In some aspects, the techniques described herein relate to a method, further including modifying an amount of optical blur in the output video stream by adjusting a focus of the second camera.

In some aspects, the techniques described herein relate to a method, wherein a first field of view of the first camera and a second field of view of the second camera at least partially overlap.

In some aspects, the techniques described herein relate to a method, further including generating, from the second video stream, an artificial background image and replacing one or more edge artifacts around the foreground object in the output video stream using the artificial background image.

In some aspects, the techniques described herein relate to a method, wherein detecting the foreground object is performed using at least one of an artificial intelligence algorithm or an image processing algorithm.

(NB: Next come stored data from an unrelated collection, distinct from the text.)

lemma uniform_rpoly_approximation:
  fixes f :: "real \<Rightarrow> real"
  assumes "continuous_on {a..b} f"
  obtains ps where "uniform_limit {a..b} (\<lambda>n. rpoly (ps n)) f sequentially"
proof -
  have "\<exists>cs. \<forall>t\<in>{a..b}. \<bar>rpoly cs t - f t\<bar> < 1 / real (Suc n)" for n
  proof -
    obtain g where g: "real_polynomial_function g" "\<And>t. t \<in> {a..b} \<Longrightarrow> \<bar>f t - g t\<bar> < 1 / real (Suc n)"
      using Stone_Weierstrass_real_polynomial_function[OF compact_Icc assms, of "1 / real (Suc n)"] by auto
    obtain c N where "g = (\<lambda>x. \<Sum>i\<le>N. c i * x ^ i)"
      using real_polynomial_function_imp_sum[OF g(1)] by blast
    then show ?thesis
      using g(2) by (intro exI[of _ "map c [0..<Suc N]"]) (simp add: rpoly_map_upt abs_minus_commute del: upt_Suc)
  qed
  then obtain ps where ps: "\<And>n t. t \<in> {a..b} \<Longrightarrow> \<bar>rpoly (ps n) t - f t\<bar> < 1 / real (Suc n)"
    by metis
  have "uniform_limit {a..b} (\<lambda>n. rpoly (ps n)) f sequentially"
    unfolding uniform_limit_rpoly_iff
  proof (intro allI impI)
    fix e :: real assume "e > 0"
    then obtain N where N: "1 / real (Suc N) < e" using nat_approx_posE by blast
    have "\<bar>rpoly (ps n) t - f t\<bar> < e" if "N \<le> n" "t \<in> {a..b}" for n t
    proof -
      have "1 / real (Suc n) \<le> 1 / real (Suc N)" using that(1) by (simp add: frac_le)
      then show ?thesis using ps[OF that(2), of n] N by linarith
    qed
    then show "\<forall>\<^sub>F n in sequentially. \<forall>t\<in>{a..b}. \<bar>rpoly (ps n) t - f t\<bar> < e"
      by (auto intro: eventually_sequentiallyI[of N])
  qed
  then show thesis by (rule that)
qed

lemma onorm_limits_unique:
  assumes "\<And>n. bounded_linear (G n)" "bounded_linear Q" "bounded_linear Q'"
    and "(\<lambda>n. onorm (\<lambda>x. G n x - Q x)) \<longlonglongrightarrow> 0" "(\<lambda>n. onorm (\<lambda>x. G n x - Q' x)) \<longlonglongrightarrow> 0"
  shows "Q = Q'"
proof
  fix x
  have "norm (Q x - Q' x) \<le> (onorm (\<lambda>x. G n x - Q x) + onorm (\<lambda>x. G n x - Q' x)) * norm x" for n
  proof -
    have "norm (Q x - Q' x) \<le> norm (G n x - Q x) + norm (G n x - Q' x)"
      by (metis norm_minus_commute norm_triangle_ineq4 diff_diff_eq2 diff_add_cancel add_diff_eq)
    also have "\<dots> \<le> onorm (\<lambda>x. G n x - Q x) * norm x + onorm (\<lambda>x. G n x - Q' x) * norm x"
      using assms(1-3) by (intro add_mono onorm bounded_linear_sub)
    finally show ?thesis by (simp add: algebra_simps)
  qed
  moreover have "(\<lambda>n. (onorm (\<lambda>x. G n x - Q x) + onorm (\<lambda>x. G n x - Q' x)) * norm x) \<longlonglongrightarrow> 0"
    using tendsto_mult_left_zero[OF tendsto_add_zero[OF assms(4,5)]] .
  ultimately have "norm (Q x - Q' x) \<le> 0"
    by (intro tendsto_le[OF trivial_limit_sequentially _ tendsto_const]) auto
  then show "Q x = Q' x" by simp
qed

lemma fcalc_eqI:
  fixes P Q :: "'a::complex_inner \<Rightarrow> 'a"
  assumes P: "bounded_clinear P" and Q: "bounded_clinear Q" and f: "continuous_on {0..onorm P} f"
    and conv: "\<And>ps. uniform_limit {0..onorm P} (\<lambda>n. rpoly (ps n)) f sequentially \<Longrightarrow>
      (\<lambda>n. onorm (\<lambda>x. op_poly (ps n) P x - Q x)) \<longlonglongrightarrow> 0"
  shows "fcalc f P = Q"
  unfolding fcalc_def uniform_limit_rpoly_iff[symmetric]
proof (rule the_equality)
  fix Q' assume Q': "bounded_clinear Q' \<and> (\<forall>ps. uniform_limit {0..onorm P} (\<lambda>n. rpoly (ps n)) f sequentially \<longrightarrow>
    (\<lambda>n. onorm (\<lambda>x. op_poly (ps n) P x - Q' x)) \<longlonglongrightarrow> 0)"
  obtain ps where ps: "uniform_limit {0..onorm P} (\<lambda>n. rpoly (ps n)) f sequentially"
    using uniform_rpoly_approximation[OF f] .
  show "Q' = Q"
    using ps Q' conv[OF ps] P Q
    by (intro onorm_limits_unique[of "\<lambda>n. op_poly (ps n) P"])
      (auto intro: bounded_clinear_imp_bounded_linear bounded_clinear_op_poly)
qed (use Q conv in blast)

In some aspects, the techniques described herein relate to one or more non-transitory computer readable storage media encoded with instructions that, when executed by a computer processor of a video device, cause the computer processor to perform operations including: acquiring a first video stream from a first camera of the video device; detecting a foreground object in the first video stream; generating a foreground mask video stream based on the foreground object detected in the first video stream; acquiring a second video stream from a second camera of the video device, the second camera being adjusted to be intentionally out of focus; and combining the foreground mask video stream and the second video stream to generate an output video stream that includes the foreground object against a background that is optically blurred by the second camera.

In some aspects, the techniques described herein relate to one or more non-transitory computer readable storage media, wherein the instructions further cause the computer processor to perform determining a position of the foreground object from the first video stream and adjusting a focus of the first camera to the position of the foreground object.

In some aspects, the techniques described herein relate to one or more non-transitory computer readable storage media, wherein the instructions further cause the computer processor to perform modifying an amount of optical blur in the output video stream by adjusting a focus of the second camera.

In some aspects, the techniques described herein relate to one or more non-transitory computer readable storage media, wherein the instructions further cause the computer processor to perform generating an artificial background image from the second video stream and replacing one or more edge artifacts around the foreground object in the output video stream using the artificial background image.

In some aspects, the techniques described herein relate to one or more non-transitory computer readable storage media, wherein the instructions further cause the computer processor to perform detecting the foreground object using at least one of an artificial intelligence algorithm or an image processing algorithm.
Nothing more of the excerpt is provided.